DON GARCIA   Esta el mundo admirado;
             libre estais.

COLOCOLO     Y obediente
             te humilla Arauco la frente;
             y que eres, dira, senor,
             el piadoso vencedor
             y el gobernador prudente (2671-95).


Solo queda una coda final, que es el bautismo y muerte de Caupolican. Aqui el episodio tiene una importancia secundaria frente a lo que sucede, por ejemplo, en Arauco domado y ademas presenta variantes significativas:14 en efecto, la orden de matar al toqui no la da aqui don Garcia sino Reinoso, sobrino de Valdivia, que ha mandado empalarlo (se muestra una apariencia: "Corra una cortina y muestrelo empalado", 2710 acot.). Don Garcia se enfada ante esta cruel ejecucion: " Por vida del rey, tirano, / que estoy por darte la muerte / por hecho tan inhumano!" (2711-13), apostrofa a Reinoso. Este se disculpa diciendo que el caudillo araucano murio arrepentido y cristiano. La intercesion de Guacolda en favor de Reinoso permitira que de nuevo don Garcia se ejercite en el perdon, pero no sin antes lanzarle esta dura advertencia:
   pero no por eso abono
   su rigor inadvertido;
   que aunque las venganzas son
   disculpas del corazon,
   la nobleza del poder
   consistio en poderla hacer,
   pero no en la ejecucion (2724-30).


Cabe recordar, en fin, las palabras ultimas de la comedia, que resumen los rasgos principales del retrato de don Garcia Hurtado de Mendoza:
BOCAFRIA   Y porque otra parte cuente
           el fin esplendidamente,
           en esta fin da el autor
           al piadoso vencedor
           y al gobernador prudente (2751-55).

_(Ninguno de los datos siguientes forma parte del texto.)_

(* Let $X^n=(X[1],\dots,X[n])$ be any random sequence in $\{0,1\}^n$ and, for $t=1,\dots,n$, let $G_T[t]=(G_1[t],G_2[t],G_3[t])$ be i.i.d. over $t$ and independent of $X^n$, with $G_i[t]\sim\mathcal{B}(p_i)$, $i=1,2,3$, where $0\le p_2\le p_1\le 1$, $p_1>0$, and $\Pr[G_i[t]=1,G_j[t]=1]=0$ for all $i\ne j$ in $\{1,2,3\}$. Let $Y_i[t]=G_i[t]X[t]$ for $i=1,2$. Then $$H\left(Y_2^n \mid G_3^n X^n, G_T^n\right) \ge \frac{p_2}{p_1} H\left(Y_1^n \mid G_3^n X^n, G_T^n\right),$$ where $G_3^nX^n$ denotes the sequence $(G_3[1]X[1],\dots,G_3[n]X[n])$ and $G_T^n=(G_T[1],\dots,G_T[n])$.
   Context: This is a binary fading broadcast channel from one transmitter to two receivers with no CSIT, meaning that the transmit sequence $X^n$ (with any input distribution) is independent of the channel gains. $\mathcal{B}(p)$ denotes the Bernoulli distribution taking value 1 with probability $p$. $H$ denotes Shannon entropy. *)

theory Defs
  imports "HOL-Probability.Probability"
begin

definition cond_entropy :: "'w pmf \<Rightarrow> ('w \<Rightarrow> 'y) \<Rightarrow> ('w \<Rightarrow> 'z) \<Rightarrow> real" where
  "cond_entropy D f g =
     (let J = map_pmf (\<lambda>w. (f w, g w)) D; M = map_pmf g D in
      - (\<Sum>yz\<in>set_pmf J. pmf J yz * log 2 (pmf J yz / pmf M (snd yz))))"

type_synonym gain = "bool \<times> bool \<times> bool"

definition G1 :: "gain \<Rightarrow> bool" where "G1 g = fst g"
definition G2 :: "gain \<Rightarrow> bool" where "G2 g = fst (snd g)"
definition G3 :: "gain \<Rightarrow> bool" where "G3 g = snd (snd g)"

text \<open>Channel output sequence G_i[t] X[t], t = 1..n (bits; product = conjunction).\<close>
definition out_seq :: "(gain \<Rightarrow> bool) \<Rightarrow> bool list \<Rightarrow> gain list \<Rightarrow> bool list" where
  "out_seq Gi xs gs = map2 (\<lambda>x g. Gi g \<and> x) xs gs"

end

theory Submission
  imports Defs
begin

text \<open>
  Given the gains, Y_i together with G_3 X reveals exactly the bits of X in the slots
  S_i \<union> S_3, where S_i is the set of times with G_i = 1; so the conditional entropy is the
  average over the gains of H(X on S_i \<union> S_3) - H(X on S_3). As G_1 and G_2 are both disjoint
  from G_3, the pair (G_2, G_3) has the law of (G_1 \<and> C, G_3) for an independent coin
  C ~ B(p_2/p_1): S_2 arises from S_1 by keeping each slot independently with probability p_2/p_1.
  Write H(X on S_1 \<union> S_3) - H(X on S_3) as the telescoping sum of the increments of the slots
  of S_1 in time order. By submodularity of T \<mapsto> H(X on T), the thinned set gains at least
  the increments of the slots it keeps, and averaging over the coins gives the factor p_2/p_1.
\<close>

section \<open>Entropy of a random variable\<close>

definition entropy_rv :: "'w pmf \<Rightarrow> ('w \<Rightarrow> 'y) \<Rightarrow> real" where
  "entropy_rv P f = - measure_pmf.expectation P (\<lambda>w. log 2 (pmf (map_pmf f P) (f w)))"

lemma entropy_rv_map_pmf: "entropy_rv (map_pmf F P) f = entropy_rv P (\<lambda>w. f (F w))"
  unfolding entropy_rv_def by (simp add: map_pmf_comp o_def)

En suma, a lo largo de la comedia encontramos toda una serie de comentarios, en boca de los espanoles, pero tambien de los propios araucanos, que subrayan esa piedad y esa prudencia (aplicadas ahora al ambito de lo militar, como antes en lo que atania a la gobernacion) de don Garcia, que une en su persona rasgos de valor personal, saber, buen juicio, sagacidad, astucia ...

2.3. La importancia del elemento religioso

Se trata de un aspecto muy destacado en el desarrollo de esta comedia. Algunos detalles nos han ido apareciendo ya en los apartados anteriores, pero los sintetizare ahora recordando las escenas y los motivos esenciales.

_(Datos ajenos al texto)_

lemma sqrt_pow_coeffs_Ints:
  assumes "a \<in> \<int>" "b \<in> \<int>" "b \<noteq> 0"
  shows "fst (sqrt_pow_coeffs a b n k) \<in> \<int> \<and> snd (sqrt_pow_coeffs a b n k) / b \<in> \<int>"
proof (induction k)
  case (Suc k)
  have "fst (sqrt_pow_coeffs a b n (Suc k))
      = a * fst (sqrt_pow_coeffs a b n k) + of_nat n * b * b * (snd (sqrt_pow_coeffs a b n k) / b)"
    "snd (sqrt_pow_coeffs a b n (Suc k)) / b
      = fst (sqrt_pow_coeffs a b n k) + a * (snd (sqrt_pow_coeffs a b n k) / b)"
    using assms(3) by (simp_all add: field_simps)
  with Suc assms show ?case by (metis Ints_add Ints_mult Ints_of_nat)
qed simp

lemma snd_sqrt_pow_coeffs_quotient:
  assumes "b \<noteq> 0" "n > 0"
  shows "of_rat (snd (sqrt_pow_coeffs a b n k) / b)
    = ((of_rat a + of_rat b * sqrt (real n))^k - (of_rat a - of_rat b * sqrt (real n))^k)
      / ((of_rat a + of_rat b * sqrt (real n)) - (of_rat a - of_rat b * sqrt (real n)))"
  using assms by (simp add: power_sqrt_pow_coeffs of_rat_divide field_simps)

lemma pell_unit:
  assumes "n > 0" "a > 0" "b > 0" "a^2 - of_nat n * b^2 = 1"
  shows "of_rat a - of_rat b * sqrt (real n) = 1 / (of_rat a + of_rat b * sqrt (real n))"
    and "of_rat a + of_rat b * sqrt (real n) > 1"
proof -
  define u v where "u = of_rat a + of_rat b * sqrt (real n)"
    and "v = of_rat a - of_rat b * sqrt (real n)"
  have "u * v = of_rat (a^2 - of_nat n * b^2)"
    by (simp add: u_def v_def algebra_simps power2_eq_square of_rat_diff of_rat_mult)
  then have uv: "u * v = 1" using assms(4) by simp
  have "0 < u" "v < u" using assms(1-3) by (simp_all add: u_def v_def add_pos_pos)
  then show "v = 1 / u" using uv by (simp add: field_simps)
  have "1 < u * u" using \<open>0 < u\<close> \<open>v < u\<close> uv by (metis mult_strict_left_mono)
  then show "u > 1" using mult_le_one[of u u] \<open>0 < u\<close> by linarith
qed

theorem theorem3:
  fixes n :: nat and a b :: rat and A B :: "nat \<Rightarrow> rat"
  assumes "n \<ge> 2"
    and "\<not> (\<exists>m::nat. n = m^2)"
    and "a > 0" and "b > 0"
    and "a^2 - of_nat n * b^2 = 1"
    and "\<And>k. k \<ge> 1 \<Longrightarrow>
           (of_rat a + of_rat b * sqrt (real n)) ^ k = of_rat (A k) + of_rat (B k) * sqrt (real n)"
  shows "((\<lambda>k. rogersL (1 / (of_rat (B (k+2) / b))^2))
           sums rogersL (1 / (of_rat a + of_rat b * sqrt (real n))^2))
         \<and> (a \<in> \<int> \<and> b \<in> \<int> \<longrightarrow> (\<forall>k\<ge>1. B k / b \<in> \<int>))"
proof -
  define u where "u = of_rat a + of_rat b * sqrt (real n)"
  have "n > 0" "b \<noteq> 0" using assms(1,4) by auto
  have u: "u > 1" "of_rat a - of_rat b * sqrt (real n) = 1 / u"
    using pell_unit[OF \<open>n > 0\<close> assms(3-5)] by (simp_all add: u_def)
  have B: "B k = snd (sqrt_pow_coeffs a b n k)" if "k \<ge> 1" for k
    using assms(6)[OF that] power_sqrt_pow_coeffs(1)[of a b n k]
      of_rat_add_mult_irrational_cancel[OF sqrt_of_nat_notin_Rats[OF assms(2)]] by metis
  have "of_rat (B k / b) = (u^k - (1/u)^k) / (u - 1/u)" if "k \<ge> 1" for k
    using snd_sqrt_pow_coeffs_quotient[OF \<open>b \<noteq> 0\<close> \<open>n > 0\<close>, of a k] B[OF that] u(2)
    by (simp add: u_def)
  then have "rogersL (1 / (of_rat (B (j + 2) / b))^2)
      = rogersL ((1/u^2)^(j + 1) * (1 - 1/u^2)^2 / (1 - (1/u^2)^(j + 2))^2)" for j
    using inverse_lucas_quotient_squared[OF u(1), of "j + 2"] by simp
  moreover have "0 < 1/u^2" "1/u^2 < 1" using u(1) by (simp_all add: one_less_power)
  ultimately have "(\<lambda>j. rogersL (1 / (of_rat (B (j + 2) / b))^2)) sums rogersL (1/u^2)"
    using rogersL_telescoping_sums[of "1/u^2"] by simp
  moreover have "B k / b \<in> \<int>" if "a \<in> \<int>" "b \<in> \<int>" "k \<ge> 1" for k
    using sqrt_pow_coeffs_Ints[OF that(1,2) \<open>b \<noteq> 0\<close>] B[OF that(3)] by simp
  ultimately show ?thesis by (simp add: u_def)
qed

end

2.3.1. La piedad religiosa de don Garcia

Ya he comentado la escena en la que se tumba en el suelo al paso del Santisimo Sacramento, que sirve para poner de relieve la piedad y la humildad del gobernador, y que--en esta comedia--va imbricada con el acto gubernativo de la detencion de Villagran. Otro detalle de ese comportamiento piadoso: cuando los indios se ofrecen a poblar algunas ciudades que han quedado deshabitadas por la guerra, don Garcia decide que la primera ha de ser la Concepcion, "porque tenga preeminencia / por el nombre, como es justo" (2476-77).

2.3.2. La justificacion de la conquista por motivos religiosos (15)

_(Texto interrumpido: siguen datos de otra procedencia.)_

text \<open>The truth of a formula at a point (s, \<sigma>) of the product update is expressed by a formula
  T \<sigma> at s, uniformly in the model, as long as s satisfies \<Lambda>. The box case needs a finite
  conjunction over the successors of \<sigma>; precondition finiteness makes it finite once every
  precondition is replaced by a canonical representative of its \<Lambda>-class, which is harmless at
  points satisfying \<Lambda>. Modally equivalent points with the same designated action therefore have
  modally equivalent updates, and determinism plus exhaustiveness make this action unique.\<close>

lemma sat_Imp [simp]: "sat M s (Imp a b) \<longleftrightarrow> (sat M s a \<longrightarrow> sat M s b)"
  by (simp add: Imp_def)

lemma sat_Iff [simp]: "sat M s (Iff a b) \<longleftrightarrow> (sat M s a \<longleftrightarrow> sat M s b)"
  by (auto simp add: Iff_def)

lemma sat_Bot [simp]: "\<not> sat M s Bot"
  by (simp add: Bot_def)

fun conjs :: "('p,'i) fm list \<Rightarrow> ('p,'i) fm" where
  "conjs [] = Top"
| "conjs (a # as) = Conj a (conjs as)"

lemma sat_conjs: "sat M s (conjs as) \<longleftrightarrow> (\<forall>a\<in>set as. sat M s a)"
  by (induction as) auto

definition Conjs :: "('p,'i) fm set \<Rightarrow> ('p,'i) fm" where
  "Conjs A = conjs (SOME as. set as = A)"

lemma sat_Conjs: "finite A \<Longrightarrow> sat M s (Conjs A) \<longleftrightarrow> (\<forall>a\<in>A. sat M s a)"
  unfolding Conjs_def sat_conjs by (metis (mono_tags) finite_list someI_ex)

definition sat_logic :: "('p,'i) fm set \<Rightarrow> ('p,'i) kmodel \<Rightarrow> nat \<Rightarrow> bool" where
  "sat_logic \<Lambda> M s \<longleftrightarrow> (\<forall>a\<in>\<Lambda>. sat M s a)"

lemma sat_logic_Rel:
  "normal_logic \<Lambda> \<Longrightarrow> sat_logic \<Lambda> M s \<Longrightarrow> (s, t) \<in> Rel M i \<Longrightarrow> sat_logic \<Lambda> M t"
  unfolding sat_logic_def normal_logic_def by (metis sat.simps(5))

lemma Iff_refl_in_logic: "normal_logic \<Lambda> \<Longrightarrow> Iff a a \<in> \<Lambda>"
  unfolding normal_logic_def tautology_def by (auto simp: Iff_def Imp_def)

definition canonical_rep :: "('p,'i) fm set \<Rightarrow> ('p,'i) fm \<Rightarrow> ('p,'i) fm" where
  "canonical_rep \<Lambda> a = (SOME b. b \<in> pclass \<Lambda> a)"

lemma sat_canonical_rep:
  assumes "normal_logic \<Lambda>" and "sat_logic \<Lambda> M s"
  shows "sat M s (canonical_rep \<Lambda> a) \<longleftrightarrow> sat M s a"
proof -
  have "a \<in> pclass \<Lambda> a"
    using Iff_refl_in_logic[OF assms(1)] by (simp add: pclass_def)
  then have "Iff a (canonical_rep \<Lambda> a) \<in> \<Lambda>"
    unfolding canonical_rep_def by (metis pclass_def mem_Collect_eq someI)
  with assms(2) show ?thesis
    unfolding sat_logic_def by auto
qed

lemma finite_canonical_rep_pre:
  assumes "precondition_finite \<Lambda> E"
  shows "finite ((\<lambda>\<tau>. canonical_rep \<Lambda> (pre E \<tau>)) ` Act E)"
proof -
  have "(\<lambda>\<tau>. canonical_rep \<Lambda> (pre E \<tau>)) ` Act E
      = (\<lambda>C. SOME b. b \<in> C) ` (\<lambda>\<tau>. pclass \<Lambda> (pre E \<tau>)) ` Act E"
    by (auto simp: canonical_rep_def)
  with assms show ?thesis
    unfolding precondition_finite_def by simp
qed

lemma W_upd_model:
  "prod_encode (s, \<sigma>) \<in> W (upd_model M E) \<longleftrightarrow> s \<in> W M \<and> \<sigma> \<in> Act E \<and> sat M s (pre E \<sigma>)"
  unfolding upd_model_def Let_def by (auto simp: prod_encode_eq)

lemma Rel_upd_model:
  "(prod_encode (s, \<sigma>), u) \<in> Rel (upd_model M E) i \<longleftrightarrow>
     (\<exists>t \<tau>. u = prod_encode (t, \<tau>) \<and> prod_encode (s, \<sigma>) \<in> W (upd_model M E)
       \<and> prod_encode (t, \<tau>) \<in> W (upd_model M E) \<and> (s, t) \<in> Rel M i \<and> (\<sigma>, \<tau>) \<in> ARel E i)"
  unfolding W_upd_model unfolding upd_model_def Let_def by (auto simp: prod_encode_eq)

lemma Val_upd_model:
  "prod_encode (s, \<sigma>) \<in> Val (upd_model M E) p \<longleftrightarrow> prod_encode (s, \<sigma>) \<in> W (upd_model M E) \<and>
     ((s \<in> Val M p \<and> \<not> entails (post E \<sigma>) (Neg (Atom p))) \<or> entails (post E \<sigma>) (Atom p))"
  unfolding W_upd_model unfolding upd_model_def Let_def by (auto simp: prod_encode_eq)

lemma sat_upd_model_Box:
  assumes "wf_model M" and "s \<in> W M" and "\<sigma> \<in> Act E" and "sat M s (pre E \<sigma>)"
  shows "sat (upd_model M E) (prod_encode (s, \<sigma>)) (Box i \<phi>) \<longleftrightarrow>
    (\<forall>t \<tau>. (s, t) \<in> Rel M i \<longrightarrow> \<tau> \<in> Act E \<longrightarrow> (\<sigma>, \<tau>) \<in> ARel E i \<longrightarrow> sat M t (pre E \<tau>)
       \<longrightarrow> sat (upd_model M E) (prod_encode (t, \<tau>)) \<phi>)"
proof -
  have "(s, t) \<in> Rel M i \<Longrightarrow> t \<in> W M" for t
    using assms(1) unfolding wf_model_def by blast
  with assms(2-4) show ?thesis
    by (auto simp: Rel_upd_model W_upd_model)
qed

definition translates :: "('p,'i) fm set \<Rightarrow> ('p,'i) amodel \<Rightarrow> ('p,'i) fm \<Rightarrow> (nat \<Rightarrow> ('p,'i) fm) \<Rightarrow> bool"
  where "translates \<Lambda> E \<phi> T \<longleftrightarrow>
    (\<forall>\<sigma>\<in>Act E. \<forall>M s. wf_model M \<longrightarrow> sat_logic \<Lambda> M s \<longrightarrow> s \<in> W M \<longrightarrow> sat M s (pre E \<sigma>) \<longrightarrow>
       (sat (upd_model M E) (prod_encode (s, \<sigma>)) \<phi> \<longleftrightarrow> sat M s (T \<sigma>)))"

lemma translates_Box:
  fixes i :: 'i
  assumes normal: "normal_logic \<Lambda>" and prefin: "precondition_finite \<Lambda> E"
    and T: "translates \<Lambda> E \<phi> T" and finT: "finite (T ` Act E)"
  defines "boxes \<equiv> \<lambda>\<sigma>. {Box i (Imp (canonical_rep \<Lambda> (pre E \<tau>)) (T \<tau>)) | \<tau>.
                          \<tau> \<in> Act E \<and> (\<sigma>, \<tau>) \<in> ARel E i}"
  shows "translates \<Lambda> E (Box i \<phi>) (\<lambda>\<sigma>. Conjs (boxes \<sigma>))"
    and "finite ((\<lambda>\<sigma>. Conjs (boxes \<sigma>)) ` Act E)"
proof -
  define all_boxes where "all_boxes =
    (\<lambda>(a, b). Box i (Imp a b)) ` ((\<lambda>\<tau>. canonical_rep \<Lambda> (pre E \<tau>)) ` Act E \<times> T ` Act E)"
  have fin_all: "finite all_boxes"
    unfolding all_boxes_def using finite_canonical_rep_pre[OF prefin] finT by blast
  have sub: "boxes \<sigma> \<subseteq> all_boxes" for \<sigma>
    unfolding boxes_def all_boxes_def by force
  then have "finite (boxes \<sigma>)" for \<sigma>
    using fin_all finite_subset by blast
  then have sat_boxes: "sat M s (Conjs (boxes \<sigma>)) \<longleftrightarrow>
      (\<forall>\<tau>\<in>Act E. (\<sigma>, \<tau>) \<in> ARel E i \<longrightarrow>
        (\<forall>t. (s, t) \<in> Rel M i \<longrightarrow> sat M t (canonical_rep \<Lambda> (pre E \<tau>)) \<longrightarrow> sat M t (T \<tau>)))"
    for M s \<sigma>
    by (auto simp: sat_Conjs boxes_def)
  show "translates \<Lambda> E (Box i \<phi>) (\<lambda>\<sigma>. Conjs (boxes \<sigma>))"
    unfolding translates_def
  proof (intro ballI allI impI)
    fix \<sigma> M s
    assume \<sigma>: "\<sigma> \<in> Act E" and M: "wf_model M" and s: "sat_logic \<Lambda> M s" "s \<in> W M"
      and pre: "sat M s (pre E \<sigma>)"
    have succ: "sat_logic \<Lambda> M t \<and> t \<in> W M" if "(s, t) \<in> Rel M i" for t
      using sat_logic_Rel[OF normal s(1) that] M that unfolding wf_model_def by blast
    have step: "sat (upd_model M E) (prod_encode (t, \<tau>)) \<phi> \<longleftrightarrow> sat M t (T \<tau>)"
      if "(s, t) \<in> Rel M i" "\<tau> \<in> Act E" "sat M t (pre E \<tau>)" for t \<tau>
      using T succ[OF that(1)] M that(2,3) unfolding translates_def by blast
    have canon: "sat M t (canonical_rep \<Lambda> a) \<longleftrightarrow> sat M t a" if "(s, t) \<in> Rel M i" for t a
      using sat_canonical_rep[OF normal] succ[OF that] by blast
    show "sat (upd_model M E) (prod_encode (s, \<sigma>)) (Box i \<phi>) \<longleftrightarrow> sat M s (Conjs (boxes \<sigma>))"
      unfolding sat_upd_model_Box[OF M s(2) \<sigma> pre] sat_boxes using step canon by blast
  qed
  show "finite ((\<lambda>\<sigma>. Conjs (boxes \<sigma>)) ` Act E)"
  proof (rule finite_subset)
    show "(\<lambda>\<sigma>. Conjs (boxes \<sigma>)) ` Act E \<subseteq> Conjs ` Pow all_boxes"
      using sub by blast
    show "finite (Conjs ` Pow all_boxes)"
      using fin_all by simp
  qed
qed

lemma translation_exists:
  assumes "normal_logic \<Lambda>" and "precondition_finite \<Lambda> E"
  shows "\<exists>T. translates \<Lambda> E \<phi> T \<and> finite (T ` Act E)"
proof (induction \<phi>)
  case Top
  have "finite ((\<lambda>_. Top) ` Act E)"
    by (rule finite_subset[of _ "{Top}"]) auto
  then show ?case
    by (intro exI[of _ "\<lambda>_. Top"]) (auto simp: translates_def)
next
  case (Atom p)
  let ?T = "\<lambda>\<sigma>. if entails (post E \<sigma>) (Atom p) then Top
     else if entails (post E \<sigma>) (Neg (Atom p)) then Bot else Atom p"
  have "finite (?T ` Act E)"
    by (rule finite_subset[of _ "{Top, Bot, Atom p}"]) auto
  moreover have "translates \<Lambda> E (Atom p) ?T"
    by (auto simp: translates_def Val_upd_model W_upd_model)
  ultimately show ?case by blast
next
  case (Neg \<phi>)
  then obtain T where "translates \<Lambda> E \<phi> T" "finite (T ` Act E)"
    by blast
  moreover have "(\<lambda>\<sigma>. Neg (T \<sigma>)) ` Act E = Neg ` T ` Act E"
    by auto
  ultimately show ?case
    by (intro exI[of _ "\<lambda>\<sigma>. Neg (T \<sigma>)"]) (auto simp: translates_def)
next
  case (Conj \<phi> \<psi>)
  then obtain T U where T: "translates \<Lambda> E \<phi> T" "finite (T ` Act E)"
    and U: "translates \<Lambda> E \<psi> U" "finite (U ` Act E)"
    by blast
  have "(\<lambda>\<sigma>. Conj (T \<sigma>) (U \<sigma>)) ` Act E \<subseteq> case_prod Conj ` (T ` Act E \<times> U ` Act E)"
    by auto
  then have "finite ((\<lambda>\<sigma>. Conj (T \<sigma>) (U \<sigma>)) ` Act E)"
    using T(2) U(2) by (meson finite_SigmaI finite_imageI finite_subset)
  with T(1) U(1) show ?case
    by (intro exI[of _ "\<lambda>\<sigma>. Conj (T \<sigma>) (U \<sigma>)"]) (auto simp: translates_def)
next
  case (Box i \<phi>)
  then obtain T where "translates \<Lambda> E \<phi> T" "finite (T ` Act E)"
    by blast
  with translates_Box[OF assms] show ?case
    by blast
qed

lemma meq_upd_model:
  assumes normal: "normal_logic \<Lambda>" and prefin: "precondition_finite \<Lambda> E"
    and \<sigma>: "\<sigma> \<in> Act E" and x: "wf_pmodel x" "\<forall>a\<in>\<Lambda>. psat x a" and y: "wf_pmodel y" "\<forall>a\<in>\<Lambda>. psat y a"
    and pre: "psat x (pre E \<sigma>)" and xy: "meq x y"
  shows "meq (upd_model (fst x) E, prod_encode (snd x, \<sigma>)) (upd_model (fst y) E, prod_encode (snd y, \<sigma>))"
  unfolding meq_def
proof
  fix \<phi>
  obtain T where T: "translates \<Lambda> E \<phi> T"
    using translation_exists[OF normal prefin] by blast
  have "psat y (pre E \<sigma>)"
    using pre xy unfolding meq_def by blast
  then show "psat (upd_model (fst x) E, prod_encode (snd x, \<sigma>)) \<phi>
        \<longleftrightarrow> psat (upd_model (fst y) E, prod_encode (snd y, \<sigma>)) \<phi>"
    using T \<sigma> x y pre xy
    unfolding translates_def meq_def psat_def wf_pmodel_def sat_logic_def by auto
qed

lemma unique_designated_action:
  assumes "deterministic E \<Gamma> X" and "exhaustive E \<Gamma> X" and "x \<in> X"
  shows "\<exists>!\<sigma>. \<sigma> \<in> \<Gamma> \<and> psat x (pre E \<sigma>)"
proof -
  obtain \<sigma> where "\<sigma> \<in> \<Gamma>" "psat x (pre E \<sigma>)"
    using assms(2,3) unfolding exhaustive_def by blast
  moreover have "\<tau> = \<sigma>" if "\<tau> \<in> \<Gamma>" "psat x (pre E \<tau>)" for \<tau>
    using assms(1,3) calculation that unfolding deterministic_def psat_def by fastforce
  ultimately show ?thesis
    by blast
qed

Un leitmotiv repetido a lo largo de la comedia es la idea de que, para don Garcia, resulta mucho mas importante la conquista espiritual que la territorial, es decir, el ganar las almas que el someter los cuerpos y las vidas. Es mas, don Garcia actua como un verdadero catequista que quiere ensenar a Colocolo y a Guacolda la falsedad de sus idolos y la existencia de un Dios verdadero. En efecto, cuando Guacolda pide a los espanoles que le den muerte, don Garcia le responde que la confunde "la ciega idolatria / de tu torpe entendimiento" (2224-25), y trata de aleccionarla con estas palabras:
DON GARCIA   Demonios son vuestros dioses
             y con enganoso intento,
             por asegurar las almas,
             os lisonjean los hechos.
             Solamente nuestro Dios
             es, Guacolda, el verdadero,
             y el que nos hizo de nada,
             estando siempre en si mesmo (2230-37).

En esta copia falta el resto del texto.